(* Let $r_V,r_A,a_1,a_2,b_1,b_2,c_V,c_A,K_{V,1},K_{V,2},K_{A,1},K_{A,2}>0$, $n>1$, $\mu_{V,1},\mu_{V,2},\mu_{A,1},\mu_{A,2}>0$, $d_{V,12},d_{V,21},d_{A,12},d_{A,21}>0$ and $\alpha_1,\alpha_2\in(0,1)$. For $i\ne j\in\{1,2\}$ put $d_{V,ij}'=d_{V,ij}\frac{\alpha_i^n}{\alpha_i^n+c_V^n}$, $d_{A,ij}'=d_{A,ij}\frac{\alpha_i^n}{\alpha_i^n+c_A^n}$, $K_{A,i}'=(1-\alpha_i)K_{A,i}$, and consider on $\mathbb{R}_+^4$ the system (for $i\ne j$) $$\begin{aligned} \dot V_i&=r_V\tfrac{A_i}{A_i+a_i}V_i\big(1-\tfrac{V_i}{K_{V,i}}\big)-d_{V,ij}'\tfrac{1}{1+b_iA_i}V_i+d_{V,ji}'\tfrac{1}{1+b_jA_j}V_j-\mu_{V,i}V_i,\\ \dot A_i&=r_AA_i\big(1-\tfrac{A_i}{K_{A,i}'}\big)-d_{A,ij}'A_i+d_{A,ji}'A_j-\mu_{A,i}A_i . \end{aligned}$$ Define $\mathcal{Q}_{0A,1}=\frac{r_A}{\mu_{A,1}+d_{A,12}'}$, $\mathcal{Q}_{0A,2}=\frac{r_A}{\mu_{A,2}+d_{A,21}'}$, $$\bar r_A=\tfrac{1}{2}(d_{A,12}'+\mu_{A,1}+d_{A,21}'+\mu_{A,2}),\quad \Delta_{r_A}=(d_{A,21}'-d_{A,12}'+\mu_{A,2}-\mu_{A,1})^2+4d_{A,21}'d_{A,12}',\quad r_{A,\min}=\bar r_A-\tfrac12\sqrt{\Delta_{r_A}}.$$ Then: 1. $E_{0000}=(0,0,0,0)$ is an equilibrium for all parameter values, and it is locally asymptotically stable (LAS) if $r_A<r_{A,\min}$. 2. If $\mathcal{Q}_{0A,1}\ge 1$ or $\mathcal{Q}_{0A,2}\ge 1$, there exists at least one equilibrium of the form $E_{0A_10A_2}=(0,A_{1,+},0,A_{2,+})$ with $A_{1,+},A_{2,+}>0$. Any such equilibrium is LAS if $B_1<0$ and $B_2>0$, where, with $j_{11}=r_V\frac{A_{1,+}}{A_{1,+}+a_1}-\frac{d_{V,12}'}{1+b_1A_{1,+}}-\mu_{V,1}$ and $j_{33}=r_V\frac{A_{2,+}}{A_{2,+}+a_2}-\frac{d_{V,21}'}{1+b_2A_{2,+}}-\mu_{V,2}$, $$B_1=j_{11}+j_{33},\qquad B_2=j_{11}j_{33}-\frac{d_{V,21}'}{1+b_2A_{2,+}}\cdot\frac{d_{V,12}'}{1+b_1A_{1,+}}.$$ 3. Suppose $\mathcal{Q}_{0A,1}\ge1$ or $\mathcal{Q}_{0A,2}\ge 1$, let $(A_{1,+},A_{2,+})$ with $A_{1,+},A_{2,+}>0$ be such that $(0,A_{1,+},0,A_{2,+})$ is an equilibrium, and set $$\mathcal{S}_{0V,1}=\frac{r_V\frac{A_{1,+}}{A_{1,+}+a_1}}{\frac{d_{V,12}'}{1+b_1A_{1,+}}+\mu_{V,1}},\qquad \mathcal{S}_{0V,2}=\frac{r_V\frac{A_{2,+}}{A_{2,+}+a_2}}{\frac{d_{V,21}'}{1+b_2A_{2,+}}+\mu_{V,2}}.$$ If $\mathcal{S}_{0V,1}\ge1$ or $\mathcal{S}_{0V,2}\ge1$, there exists at least one coexistence equilibrium $E=(V_{1,+},A_{1,+},V_{2,+},A_{2,+})$ with all components positive. Such an equilibrium $E=(V_1,A_1,V_2,A_2)$ is LAS whenever $C_1>0$ and $C_2>0$, where $$J_{11}=-r_V\tfrac{A_1}{A_1+a_1}\tfrac{V_1}{K_{V,1}}-\tfrac{d_{V,21}'}{1+b_2A_2}\tfrac{V_2}{V_1},\quad J_{13}=\tfrac{d_{V,21}'}{1+b_2A_2},\quad J_{22}=-r_A\tfrac{A_1}{K_{A,1}'}-d_{A,21}'\tfrac{A_2}{A_1},\quad J_{24}=d_{A,21}',$$ $$J_{31}=\tfrac{d_{V,12}'}{1+b_1A_1},\quad J_{33}=-r_V\tfrac{A_2}{A_2+a_2}\tfrac{V_2}{K_{V,2}}-\tfrac{d_{V,12}'}{1+b_1A_1}\tfrac{V_1}{V_2},\quad J_{42}=d_{A,12}',\quad J_{44}=-r_A\tfrac{A_2}{K_{A,2}'}-d_{A,12}'\tfrac{A_1}{A_2},$$ $$P=-J_{42}J_{24}+J_{44}J_{33}+J_{44}J_{22}+J_{44}J_{11}-J_{31}J_{13}+J_{33}J_{22}+J_{33}J_{11}+J_{22}J_{11},$$ $$N=J_{42}J_{24}J_{33}+J_{42}J_{24}J_{11}+J_{44}J_{31}J_{13}-J_{44}J_{33}J_{22}-J_{44}J_{33}J_{11}-J_{44}J_{22}J_{11}+J_{31}J_{13}J_{22}-J_{33}J_{22}J_{11},$$ $$C_3=-J_{44}-J_{33}-J_{22}-J_{11},\qquad C_4=J_{42}J_{24}J_{31}J_{13}-J_{42}J_{24}J_{33}J_{11}-J_{44}J_{31}J_{13}J_{22}+J_{44}J_{33}J_{22}J_{11},$$ $$C_1=P-\frac{N}{C_3},\qquad C_2=N-\frac{C_3\,C_4}{C_1}.$$
   Context: This is a two-patch vector ($V_i$)–animal ($A_i$) model with two-way, anthropization-dependent migration; $\alpha_i$ is the anthropization level of patch $i$. LAS means locally asymptotically stable. *)

theory Defs
  imports "HOL-Analysis.Analysis"
begin

record params =
  rV :: real  rA :: real
  a1 :: real  a2 :: real  b1 :: real  b2 :: real
  cV :: real  cA :: real
  KV1 :: real  KV2 :: real  KA1 :: real  KA2 :: real
  hn :: real
  muV1 :: real  muV2 :: real  muA1 :: real  muA2 :: real
  dV12 :: real  dV21 :: real  dA12 :: real  dA21 :: real
  al1 :: real  al2 :: real

definition dV12' :: "params \<Rightarrow> real" where
  "dV12' p = dV12 p * (al1 p powr hn p / (al1 p powr hn p + cV p powr hn p))"
definition dV21' :: "params \<Rightarrow> real" where
  "dV21' p = dV21 p * (al2 p powr hn p / (al2 p powr hn p + cV p powr hn p))"
definition dA12' :: "params \<Rightarrow> real" where
  "dA12' p = dA12 p * (al1 p powr hn p / (al1 p powr hn p + cA p powr hn p))"
definition dA21' :: "params \<Rightarrow> real" where
  "dA21' p = dA21 p * (al2 p powr hn p / (al2 p powr hn p + cA p powr hn p))"
definition KA1' :: "params \<Rightarrow> real" where "KA1' p = (1 - al1 p) * KA1 p"
definition KA2' :: "params \<Rightarrow> real" where "KA2' p = (1 - al2 p) * KA2 p"

definition field :: "params \<Rightarrow> real^4 \<Rightarrow> real^4" where
  "field p x = (let V1 = x$1; A1 = x$2; V2 = x$3; A2 = x$4 in vector [
     rV p * (A1 / (A1 + a1 p)) * V1 * (1 - V1 / KV1 p)
       - dV12' p * (1 / (1 + b1 p * A1)) * V1 + dV21' p * (1 / (1 + b2 p * A2)) * V2 - muV1 p * V1,
     rA p * A1 * (1 - A1 / KA1' p) - dA12' p * A1 + dA21' p * A2 - muA1 p * A1,
     rV p * (A2 / (A2 + a2 p)) * V2 * (1 - V2 / KV2 p)
       - dV21' p * (1 / (1 + b2 p * A2)) * V2 + dV12' p * (1 / (1 + b1 p * A1)) * V1 - muV2 p * V2,
     rA p * A2 * (1 - A2 / KA2' p) - dA21' p * A2 + dA12' p * A1 - muA2 p * A2])"

definition st :: "real \<Rightarrow> real \<Rightarrow> real \<Rightarrow> real \<Rightarrow> real^4" where
  "st V1 A1 V2 A2 = vector [V1, A1, V2, A2]"

definition is_solution_on :: "('a::real_normed_vector \<Rightarrow> 'a) \<Rightarrow> (real \<Rightarrow> 'a) \<Rightarrow> real \<Rightarrow> bool" where
  "is_solution_on f x T \<longleftrightarrow>
     (\<forall>t\<in>{0..T}. (x has_vector_derivative f (x t)) (at t within {0..T}))"

definition LAS :: "('a::real_normed_vector \<Rightarrow> 'a) \<Rightarrow> 'a \<Rightarrow> bool" where
  "LAS f e \<longleftrightarrow>
     (\<forall>\<epsilon>>0. \<exists>\<delta>>0. \<forall>x T. T \<ge> 0 \<and> is_solution_on f x T \<and> dist (x 0) e < \<delta> \<longrightarrow>
                          (\<forall>t\<in>{0..T}. dist (x t) e < \<epsilon>)) \<and>
     (\<exists>\<delta>>0. \<forall>x. (\<forall>T\<ge>0. is_solution_on f x T) \<and> dist (x 0) e < \<delta> \<longrightarrow> (x \<longlongrightarrow> e) at_top)"

definition Q0A1 :: "params \<Rightarrow> real" where "Q0A1 p = rA p / (muA1 p + dA12' p)"
definition Q0A2 :: "params \<Rightarrow> real" where "Q0A2 p = rA p / (muA2 p + dA21' p)"
definition rAbar :: "params \<Rightarrow> real" where
  "rAbar p = (dA12' p + muA1 p + dA21' p + muA2 p) / 2"
definition DeltarA :: "params \<Rightarrow> real" where
  "DeltarA p = (dA21' p - dA12' p + muA2 p - muA1 p)^2 + 4 * dA21' p * dA12' p"
definition rAmin :: "params \<Rightarrow> real" where "rAmin p = rAbar p - sqrt (DeltarA p) / 2"

definition j11 :: "params \<Rightarrow> real \<Rightarrow> real" where
  "j11 p A1 = rV p * (A1 / (A1 + a1 p)) - dV12' p / (1 + b1 p * A1) - muV1 p"
definition j33 :: "params \<Rightarrow> real \<Rightarrow> real" where
  "j33 p A2 = rV p * (A2 / (A2 + a2 p)) - dV21' p / (1 + b2 p * A2) - muV2 p"
definition B1 :: "params \<Rightarrow> real \<Rightarrow> real \<Rightarrow> real" where
  "B1 p A1 A2 = j11 p A1 + j33 p A2"
definition B2 :: "params \<Rightarrow> real \<Rightarrow> real \<Rightarrow> real" where
  "B2 p A1 A2 = j11 p A1 * j33 p A2 - (dV21' p / (1 + b2 p * A2)) * (dV12' p / (1 + b1 p * A1))"

definition S0V1 :: "params \<Rightarrow> real \<Rightarrow> real" where
  "S0V1 p A1 = (rV p * (A1 / (A1 + a1 p))) / (dV12' p / (1 + b1 p * A1) + muV1 p)"
definition S0V2 :: "params \<Rightarrow> real \<Rightarrow> real" where
  "S0V2 p A2 = (rV p * (A2 / (A2 + a2 p))) / (dV21' p / (1 + b2 p * A2) + muV2 p)"

definition J11 where "J11 p V1 A1 V2 A2 =
  - rV p * (A1 / (A1 + a1 p)) * (V1 / KV1 p) - (dV21' p / (1 + b2 p * A2)) * (V2 / V1)"
definition J13 where "J13 p V1 A1 V2 A2 = dV21' p / (1 + b2 p * A2)"
definition J22 where "J22 p V1 A1 V2 A2 = - rA p * (A1 / KA1' p) - dA21' p * (A2 / A1)"
definition J24 where "J24 p V1 A1 V2 A2 = dA21' p"
definition J31 where "J31 p V1 A1 V2 A2 = dV12' p / (1 + b1 p * A1)"
definition J33 where "J33 p V1 A1 V2 A2 =
  - rV p * (A2 / (A2 + a2 p)) * (V2 / KV2 p) - (dV12' p / (1 + b1 p * A1)) * (V1 / V2)"
definition J42 where "J42 p V1 A1 V2 A2 = dA12' p"
definition J44 where "J44 p V1 A1 V2 A2 = - rA p * (A2 / KA2' p) - dA12' p * (A1 / A2)"

definition Pc :: "params \<Rightarrow> real \<Rightarrow> real \<Rightarrow> real \<Rightarrow> real \<Rightarrow> real" where
  "Pc p V1 A1 V2 A2 = (let j11 = J11 p V1 A1 V2 A2; j13 = J13 p V1 A1 V2 A2;
     j22 = J22 p V1 A1 V2 A2; j24 = J24 p V1 A1 V2 A2; j31 = J31 p V1 A1 V2 A2;
     j33 = J33 p V1 A1 V2 A2; j42 = J42 p V1 A1 V2 A2; j44 = J44 p V1 A1 V2 A2 in
     - j42*j24 + j44*j33 + j44*j22 + j44*j11 - j31*j13 + j33*j22 + j33*j11 + j22*j11)"
definition Nc :: "params \<Rightarrow> real \<Rightarrow> real \<Rightarrow> real \<Rightarrow> real \<Rightarrow> real" where
  "Nc p V1 A1 V2 A2 = (let j11 = J11 p V1 A1 V2 A2; j13 = J13 p V1 A1 V2 A2;
     j22 = J22 p V1 A1 V2 A2; j24 = J24 p V1 A1 V2 A2; j31 = J31 p V1 A1 V2 A2;
     j33 = J33 p V1 A1 V2 A2; j42 = J42 p V1 A1 V2 A2; j44 = J44 p V1 A1 V2 A2 in
     j42*j24*j33 + j42*j24*j11 + j44*j31*j13 - j44*j33*j22 - j44*j33*j11 - j44*j22*j11
     + j31*j13*j22 - j33*j22*j11)"
definition C3 :: "params \<Rightarrow> real \<Rightarrow> real \<Rightarrow> real \<Rightarrow> real \<Rightarrow> real" where
  "C3 p V1 A1 V2 A2 = - J44 p V1 A1 V2 A2 - J33 p V1 A1 V2 A2 - J22 p V1 A1 V2 A2 - J11 p V1 A1 V2 A2"
definition C4 :: "params \<Rightarrow> real \<Rightarrow> real \<Rightarrow> real \<Rightarrow> real \<Rightarrow> real" where
  "C4 p V1 A1 V2 A2 = (let j11 = J11 p V1 A1 V2 A2; j13 = J13 p V1 A1 V2 A2;
     j22 = J22 p V1 A1 V2 A2; j24 = J24 p V1 A1 V2 A2; j31 = J31 p V1 A1 V2 A2;
     j33 = J33 p V1 A1 V2 A2; j42 = J42 p V1 A1 V2 A2; j44 = J44 p V1 A1 V2 A2 in
     j42*j24*j31*j13 - j42*j24*j33*j11 - j44*j31*j13*j22 + j44*j33*j22*j11)"
definition C1 :: "params \<Rightarrow> real \<Rightarrow> real \<Rightarrow> real \<Rightarrow> real \<Rightarrow> real" where
  "C1 p V1 A1 V2 A2 = Pc p V1 A1 V2 A2 - Nc p V1 A1 V2 A2 / C3 p V1 A1 V2 A2"
definition C2 :: "params \<Rightarrow> real \<Rightarrow> real \<Rightarrow> real \<Rightarrow> real \<Rightarrow> real" where
  "C2 p V1 A1 V2 A2 = Nc p V1 A1 V2 A2 - C3 p V1 A1 V2 A2 * C4 p V1 A1 V2 A2 / C1 p V1 A1 V2 A2"

end

theory Submission
  imports Defs "HOL-Real_Asymp.Real_Asymp"
begin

### [The task]
Go through the material above line by line and state how many lines contain "longleftrightarrow". Give only the number.

### [Solution to this exercise]
2